では地方都市ではどうなのか、先月訪れた南京市で聞いた話だと、同じく(かなりの)郊外では0.8元~、市内では2元/m2/日(約12円~30円)を超えてくる程度だといいます。

表はマンションの販売価格相場。

海で温浴施設を出店する立地の相場が1.5元/m2/日~(22.5円)程度と考えれば、上海よりは若干安くはなりそうですが、決定的に南京市が安いとも言い切れません

というのも、次に人口密度を調べてみると、それぞれの地区によって大きく異なりますが、例えば上海の中心部では2万人/km2を超えていて、先述の家賃相場である2元相当の地区でも1万人/km2弱程度の人口密度となります。

当該地区には1万人弱/km2の人口密度しかないものの、車で30分圏内には2万人/km2を超える人口密度を誇る地区もターゲットとなり得る訳です。

一方の南京市は市内中心部の玄武区、秦淮区、鼓楼区、建邺区、雨花台区で1万人/km2を超える規模ですが、これら4つ区は南京市内のごくごく中心部で、この場所では2元/m2/日を大幅に超えてしまいます。

借地代を2元の目安で考えると、その周辺地区となり、人口密度は多くても5,000人/km2程度の立地となります。

南京市は江蘇省の省都であり、人口規模も高い一級都市なので所得水準もかなり高いレベルではありますが、借地代としては上海のそれよりは若干安いかもしれませんが、人口密度ではやはり上海市に大きく分があることが分かります。

南京市の所得水準も上海市の水準ではなく、上海市郊外と比べても土地代にかかる費用はほとんど変わらず、人口密度が半分程度となれば、ハイリスク・ローリターンに近いモデルになってしまう可能性があります。

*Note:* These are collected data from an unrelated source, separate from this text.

(* Consider MINTSS under the independent cascade (IC) model or the linear threshold (LT) model, with coverage threshold $\eta$ and shortfall $\epsilon>0$. For any $\phi>0$ there exists $\delta\in(0,1)$ such that, using $(1-\delta)$-approximate values of the coverage function $\sigma_m(\cdot)$ in place of its exact values, the greedy algorithm $\textsc{Greedy-Mintss}$ run with threshold $\eta-\epsilon$ approximates MINTSS within a factor of $(1+\phi)\cdot(1+\ln(\eta/\epsilon))$, i.e., the size (cost) of the seed set it returns is at most $(1+\phi)(1+\ln(\eta/\epsilon))$ times the minimum size (cost) of a seed set $S$ with $\sigma_m(S)\ge\eta$.
   Context: A social graph is a directed graph $G=(V,E)$. IC model: each arc $(v,u)$ has probability $p_{v,u}$; seed nodes are active at time $0$; when a node $v$ becomes active at time $t$, it gets one chance to activate each inactive out-neighbour $u$, succeeding independently with probability $p_{v,u}$, and then $u$ is active at time $t+1$; the process stops when no new node is activated. LT model: each arc $(v,u)$ has weight $b_{v,u}\ge 0$ with $\sum_v b_{v,u}\le 1$ for every $u$; each node $u$ draws a threshold $\theta_u$ uniformly from $[0,1]$; if at time $t$ the total weight from active in-neighbours of $u$ reaches $\theta_u$, $u$ becomes active at time $t+1$; nodes stay active. $\sigma_m(S)$ is the expected number of nodes eventually active when $S$ is the seed set. MINTSS: given $\eta\le|V|$ (and node costs $c:V\to\mathbb{R}^+$, unit costs in the unweighted case), find a seed set $S$ of minimum size (cost) with $\sigma_m(S)\ge\eta$. Algorithm $\textsc{Greedy-Mintss}$: start with $S=\emptyset$; while $\sigma_m(S)<\eta-\epsilon$, add to $S$ a node $u$ maximizing $\frac{\min(\sigma_m(S\cup\{w\}),\eta)-\sigma_m(S)}{c(w)}$ over $w\in V\setminus S$. Using $(1-\delta)$-approximate values means replacing $\sigma_m$ throughout the algorithm by an estimate $\sigma'$ with $(1-\delta)\sigma_m(S)\le\sigma'(S)\le\sigma_m(S)$ for all $S$. *)

theory Defs
  imports "HOL-Probability.Probability"
begin

definition ic_instance :: "'a set \<Rightarrow> ('a \<times> 'a) set \<Rightarrow> ('a \<times> 'a \<Rightarrow> real) \<Rightarrow> bool" where
  "ic_instance V E p \<longleftrightarrow> finite V \<and> E \<subseteq> V \<times> V \<and> (\<forall>e\<in>E. 0 \<le> p e \<and> p e \<le> 1)"

text \<open>The IC diffusion process driven by the outcomes of the activation attempts:
  L is the set of arcs (v,u) whose (single) activation attempt succeeds, should it happen.
  State at time t: (nodes active by time t, nodes newly activated at time t).\<close>
fun ic_state :: "'a set \<Rightarrow> ('a \<times> 'a) set \<Rightarrow> 'a set \<Rightarrow> nat \<Rightarrow> 'a set \<times> 'a set" where
  "ic_state V L S 0 = (S, S)"
| "ic_state V L S (Suc t) =
     (let (A, N) = ic_state V L S t;
          N' = {u \<in> V - A. \<exists>v\<in>N. (v, u) \<in> L}
      in (A \<union> N', N'))"

definition ic_final :: "'a set \<Rightarrow> ('a \<times> 'a) set \<Rightarrow> 'a set \<Rightarrow> 'a set" where
  "ic_final V L S = (\<Union>t. fst (ic_state V L S t))"

definition sigma_IC :: "'a set \<Rightarrow> ('a \<times> 'a) set \<Rightarrow> ('a \<times> 'a \<Rightarrow> real) \<Rightarrow> 'a set \<Rightarrow> real" where
  "sigma_IC V E p S =
     measure_pmf.expectation (Pi_pmf E False (\<lambda>e. bernoulli_pmf (p e)))
       (\<lambda>X. real (card (ic_final V {e \<in> E. X e} S)))"

definition lt_instance :: "'a set \<Rightarrow> ('a \<times> 'a) set \<Rightarrow> ('a \<times> 'a \<Rightarrow> real) \<Rightarrow> bool" where
  "lt_instance V E b \<longleftrightarrow> finite V \<and> E \<subseteq> V \<times> V \<and> (\<forall>e\<in>E. 0 \<le> b e)
      \<and> (\<forall>u\<in>V. (\<Sum>v\<in>{v. (v, u) \<in> E}. b (v, u)) \<le> 1)"

fun lt_active :: "'a set \<Rightarrow> ('a \<times> 'a) set \<Rightarrow> ('a \<times> 'a \<Rightarrow> real) \<Rightarrow> ('a \<Rightarrow> real) \<Rightarrow> 'a set \<Rightarrow> nat \<Rightarrow> 'a set" where
  "lt_active V E b \<theta> S 0 = S"
| "lt_active V E b \<theta> S (Suc t) =
     (let A = lt_active V E b \<theta> S t
      in A \<union> {u \<in> V. (\<Sum>v\<in>{v \<in> A. (v, u) \<in> E}. b (v, u)) \<ge> \<theta> u})"

definition lt_final :: "'a set \<Rightarrow> ('a \<times> 'a) set \<Rightarrow> ('a \<times> 'a \<Rightarrow> real) \<Rightarrow> ('a \<Rightarrow> real) \<Rightarrow> 'a set \<Rightarrow> 'a set" where
  "lt_final V E b \<theta> S = (\<Union>t. lt_active V E b \<theta> S t)"

definition sigma_LT :: "'a set \<Rightarrow> ('a \<times> 'a) set \<Rightarrow> ('a \<times> 'a \<Rightarrow> real) \<Rightarrow> 'a set \<Rightarrow> real" where
  "sigma_LT V E b S =
     integral\<^sup>L (PiM V (\<lambda>_. uniform_measure lborel {0..1::real}))
       (\<lambda>\<theta>. real (card (lt_final V E b \<theta> S)))"

definition set_cost :: "('a \<Rightarrow> real) \<Rightarrow> 'a set \<Rightarrow> real" where
  "set_cost c S = (\<Sum>v\<in>S. c v)"

text \<open>Seed sets reachable by some execution of the greedy loop (ties broken arbitrarily).\<close>
inductive greedy_reach :: "'a set \<Rightarrow> ('a set \<Rightarrow> real) \<Rightarrow> ('a \<Rightarrow> real) \<Rightarrow> real \<Rightarrow> real \<Rightarrow> 'a set \<Rightarrow> bool"
  for V f c \<eta> \<epsilon> where
  start: "greedy_reach V f c \<eta> \<epsilon> {}"
| step: "greedy_reach V f c \<eta> \<epsilon> S \<Longrightarrow> f S < \<eta> - \<epsilon> \<Longrightarrow> u \<in> V - S \<Longrightarrow>
     (\<forall>w\<in>V - S. (min (f (S \<union> {w})) \<eta> - f S) / c w \<le> (min (f (S \<union> {u})) \<eta> - f S) / c u) \<Longrightarrow>
     greedy_reach V f c \<eta> \<epsilon> (S \<union> {u})"

definition greedy_output :: "'a set \<Rightarrow> ('a set \<Rightarrow> real) \<Rightarrow> ('a \<Rightarrow> real) \<Rightarrow> real \<Rightarrow> real \<Rightarrow> 'a set \<Rightarrow> bool" where
  "greedy_output V f c \<eta> \<epsilon> S \<longleftrightarrow> greedy_reach V f c \<eta> \<epsilon> S \<and> \<not> (f S < \<eta> - \<epsilon>)"

end

theory Submission
  imports Defs
begin

(*
  Both spread functions are monotone and submodular.  Under IC, for a fixed outcome of the
  activation attempts the spread of S is the union of the live-arc reachability sets of the
  seeds, a coverage function.  Under LT, the activation probability of a non-seed node x is a
  nonnegative combination of activation probabilities in the graph without x, which gives
  submodularity by induction on the number of nodes.

  For a monotone submodular sigma and any T with sigma(T) >= eta, an exact greedy step u closes
  at least the fraction c(u)/c(T) of the residual eta - sigma(S), so the residual decays like
  exp(-c(S)/c(T)) until it drops to epsilon; the last step costs at most c(T), whence the factor
  1 + ln(eta/epsilon).  The sets S and the greedy ratios range over finite sets, so for small
  delta every greedy choice made with approximate values is also an exact greedy choice, and the
  stopping test stays sound: the approximate run is an exact greedy run, and the bound holds
  even without the slack factor 1 + phi.
*)

section \<open>Monotone submodular set functions\<close>

definition monotone_submodular_on :: "'a set \<Rightarrow> ('a set \<Rightarrow> real) \<Rightarrow> bool" where
  "monotone_submodular_on V f \<longleftrightarrow>
     (\<forall>A B. A \<subseteq> B \<longrightarrow> B \<subseteq> V \<longrightarrow> f A \<le> f B) \<and>
     (\<forall>A B y. A \<subseteq> B \<longrightarrow> B \<subseteq> V \<longrightarrow> y \<in> V - B \<longrightarrow> f (B \<union> {y}) - f B \<le> f (A \<union> {y}) - f A)"

lemma monotone_submodular_onD:
  assumes "monotone_submodular_on V f"
  shows monotone_submodular_on_mono: "A \<subseteq> B \<Longrightarrow> B \<subseteq> V \<Longrightarrow> f A \<le> f B"
    and monotone_submodular_on_submod:
      "A \<subseteq> B \<Longrightarrow> B \<subseteq> V \<Longrightarrow> y \<in> V - B \<Longrightarrow> f (B \<union> {y}) - f B \<le> f (A \<union> {y}) - f A"
  using assms unfolding monotone_submodular_on_def by blast+

lemma monotone_submodular_onI:
  assumes "\<And>A B. A \<subseteq> B \<Longrightarrow> B \<subseteq> V \<Longrightarrow> f A \<le> f B"
    and "\<And>A B y. A \<subseteq> B \<Longrightarrow> B \<subseteq> V \<Longrightarrow> y \<in> V - B \<Longrightarrow> f (B \<union> {y}) - f B \<le> f (A \<union> {y}) - f A"
  shows "monotone_submodular_on V f"
  using assms unfolding monotone_submodular_on_def by blast

lemma monotone_submodular_on_cong:
  assumes eq: "\<And>S. S \<subseteq> V \<Longrightarrow> f S = g S" and f: "monotone_submodular_on V f"
  shows "monotone_submodular_on V g"
proof (rule monotone_submodular_onI)
  fix A B assume AB: "A \<subseteq> B" "B \<subseteq> V"
  then have "A \<subseteq> V" by blast
  then show "g A \<le> g B" using monotone_submodular_on_mono[OF f AB] eq[OF \<open>A \<subseteq> V\<close>] eq[OF AB(2)] by simp
next
  fix A B y assume AB: "A \<subseteq> B" "B \<subseteq> V" and y: "y \<in> V - B"
  then have "A \<subseteq> V" "A \<union> {y} \<subseteq> V" "B \<union> {y} \<subseteq> V" by auto
  then show "g (B \<union> {y}) - g B \<le> g (A \<union> {y}) - g A"
    using monotone_submodular_on_submod[OF f AB y] eq[OF AB(2)] by (simp only: eq)
qed

lemma monotone_submodular_on_sum:
  assumes "\<And>i. i \<in> I \<Longrightarrow> monotone_submodular_on V (f i)"
  shows "monotone_submodular_on V (\<lambda>S. \<Sum>i\<in>I. f i S)"
proof (rule monotone_submodular_onI)
  fix A B assume "A \<subseteq> B" "B \<subseteq> V"
  then show "(\<Sum>i\<in>I. f i A) \<le> (\<Sum>i\<in>I. f i B)"
    by (intro sum_mono monotone_submodular_on_mono[OF assms])
next
  fix A B y assume "A \<subseteq> B" "B \<subseteq> V" "y \<in> V - B"
  then have "(\<Sum>i\<in>I. f i (B \<union> {y}) - f i B) \<le> (\<Sum>i\<in>I. f i (A \<union> {y}) - f i A)"
    by (intro sum_mono monotone_submodular_on_submod[OF assms])
  then show "(\<Sum>i\<in>I. f i (B \<union> {y})) - (\<Sum>i\<in>I. f i B) \<le> (\<Sum>i\<in>I. f i (A \<union> {y})) - (\<Sum>i\<in>I. f i A)"
    by (simp add: sum_subtractf)
qed

lemma monotone_submodular_on_integral:
  assumes int: "\<And>S. S \<subseteq> V \<Longrightarrow> integrable M (f S)"
    and pointwise: "\<And>x. x \<in> space M \<Longrightarrow> monotone_submodular_on V (\<lambda>S. f S x)"
  shows "monotone_submodular_on V (\<lambda>S. integral\<^sup>L M (f S))"
proof (rule monotone_submodular_onI)
  fix A B assume "A \<subseteq> B" "B \<subseteq> V"
  then show "integral\<^sup>L M (f A) \<le> integral\<^sup>L M (f B)"
    using int monotone_submodular_on_mono[OF pointwise] by (intro integral_mono) auto
next
  fix A B y assume AB: "A \<subseteq> B" "B \<subseteq> V" and y: "y \<in> V - B"
  then have sub: "A \<subseteq> V" "A \<union> {y} \<subseteq> V" "B \<union> {y} \<subseteq> V" by auto
  have "integral\<^sup>L M (\<lambda>x. f (B \<union> {y}) x - f B x) \<le> integral\<^sup>L M (\<lambda>x. f (A \<union> {y}) x - f A x)"
  proof (rule integral_mono)
    fix x assume "x \<in> space M"
    show "f (B \<union> {y}) x - f B x \<le> f (A \<union> {y}) x - f A x"
      by (rule monotone_submodular_on_submod[OF pointwise[OF \<open>x \<in> space M\<close>] AB y])
  qed (use int sub AB in auto)
  then show "integral\<^sup>L M (f (B \<union> {y})) - integral\<^sup>L M (f B) \<le> integral\<^sup>L M (f (A \<union> {y})) - integral\<^sup>L M (f A)"
    using int[OF sub(3)] int[OF AB(2)] int[OF sub(2)] int[OF sub(1)] by simp
qed

lemma submodular_union_gain_le_sum:
  assumes f: "monotone_submodular_on V f" and "finite T" "S \<subseteq> V" "T \<subseteq> V"
  shows "f (S \<union> T) - f S \<le> (\<Sum>w\<in>T. f (S \<union> {w}) - f S)"
  using \<open>finite T\<close> \<open>T \<subseteq> V\<close>
proof (induction T rule: finite_induct)
  case (insert a T)
  have "f (S \<union> T \<union> {a}) - f (S \<union> T) \<le> f (S \<union> {a}) - f S"
  proof (cases "a \<in> S")
    case True
    then show ?thesis by (simp add: insert_absorb)
  next
    case False
    then show ?thesis
      using insert by (intro monotone_submodular_on_submod[OF f]) (auto simp: \<open>S \<subseteq> V\<close>)
  qed
  moreover have "S \<union> insert a T = S \<union> T \<union> {a}" by auto
  ultimately show ?case using insert by simp
qed simp

section \<open>The greedy algorithm\<close>

definition greedy_ratio :: "('a set \<Rightarrow> real) \<Rightarrow> ('a \<Rightarrow> real) \<Rightarrow> real \<Rightarrow> 'a set \<Rightarrow> 'a \<Rightarrow> real" where
  "greedy_ratio f c \<eta> S w = (min (f (S \<union> {w})) \<eta> - f S) / c w"

definition greedy_choice :: "'a set \<Rightarrow> ('a set \<Rightarrow> real) \<Rightarrow> ('a \<Rightarrow> real) \<Rightarrow> real \<Rightarrow> 'a set \<Rightarrow> 'a \<Rightarrow> bool" where
  "greedy_choice V f c \<eta> S u \<longleftrightarrow>
     u \<in> V - S \<and> (\<forall>w\<in>V - S. greedy_ratio f c \<eta> S w \<le> greedy_ratio f c \<eta> S u)"

lemma greedy_reach_stepI:
  "greedy_reach V f c \<eta> \<epsilon> S \<Longrightarrow> f S < \<eta> - \<epsilon> \<Longrightarrow> greedy_choice V f c \<eta> S u
    \<Longrightarrow> greedy_reach V f c \<eta> \<epsilon> (S \<union> {u})"
  unfolding greedy_choice_def greedy_ratio_def by (blast intro: greedy_reach.step)

lemma greedy_reach_induct [consumes 1, case_names start step]:
  assumes "greedy_reach V f c \<eta> \<epsilon> S"
    and "P {}"
    and "\<And>S u. greedy_reach V f c \<eta> \<epsilon> S \<Longrightarrow> P S \<Longrightarrow> f S < \<eta> - \<epsilon> \<Longrightarrow> greedy_choice V f c \<eta> S u
           \<Longrightarrow> P (S \<union> {u})"
  shows "P S"
  using assms(1)
proof (induction rule: greedy_reach.induct)
  case (step S u)
  then show ?case using assms(3)[of S u] unfolding greedy_choice_def greedy_ratio_def by blast
qed (rule assms(2))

日本のスーパー銭湯のビジネスモデルは所謂「安・近・短」と言われますが、レジャー色の強い中国でのスーパー銭湯は、面積が大きいことはもちろん、広範囲から集客をすることが求められるため、距離を伸ばした周辺地区の人口密度も考えなければいけません。

そうなると立地自体は上海市のかなり郊外のであっても、人口密度の高い上海の中心部からお客さんを呼び込むことができれば、かなり大きな商機となりやすい訳です。

また、今回は例として南京市を取り上げましたが、南京市は中国三大竈(かまど)と呼ばれるほど暑い地域なので、寒い時期に集中して集客が望める温浴施設は南京市には若干不向きではあります。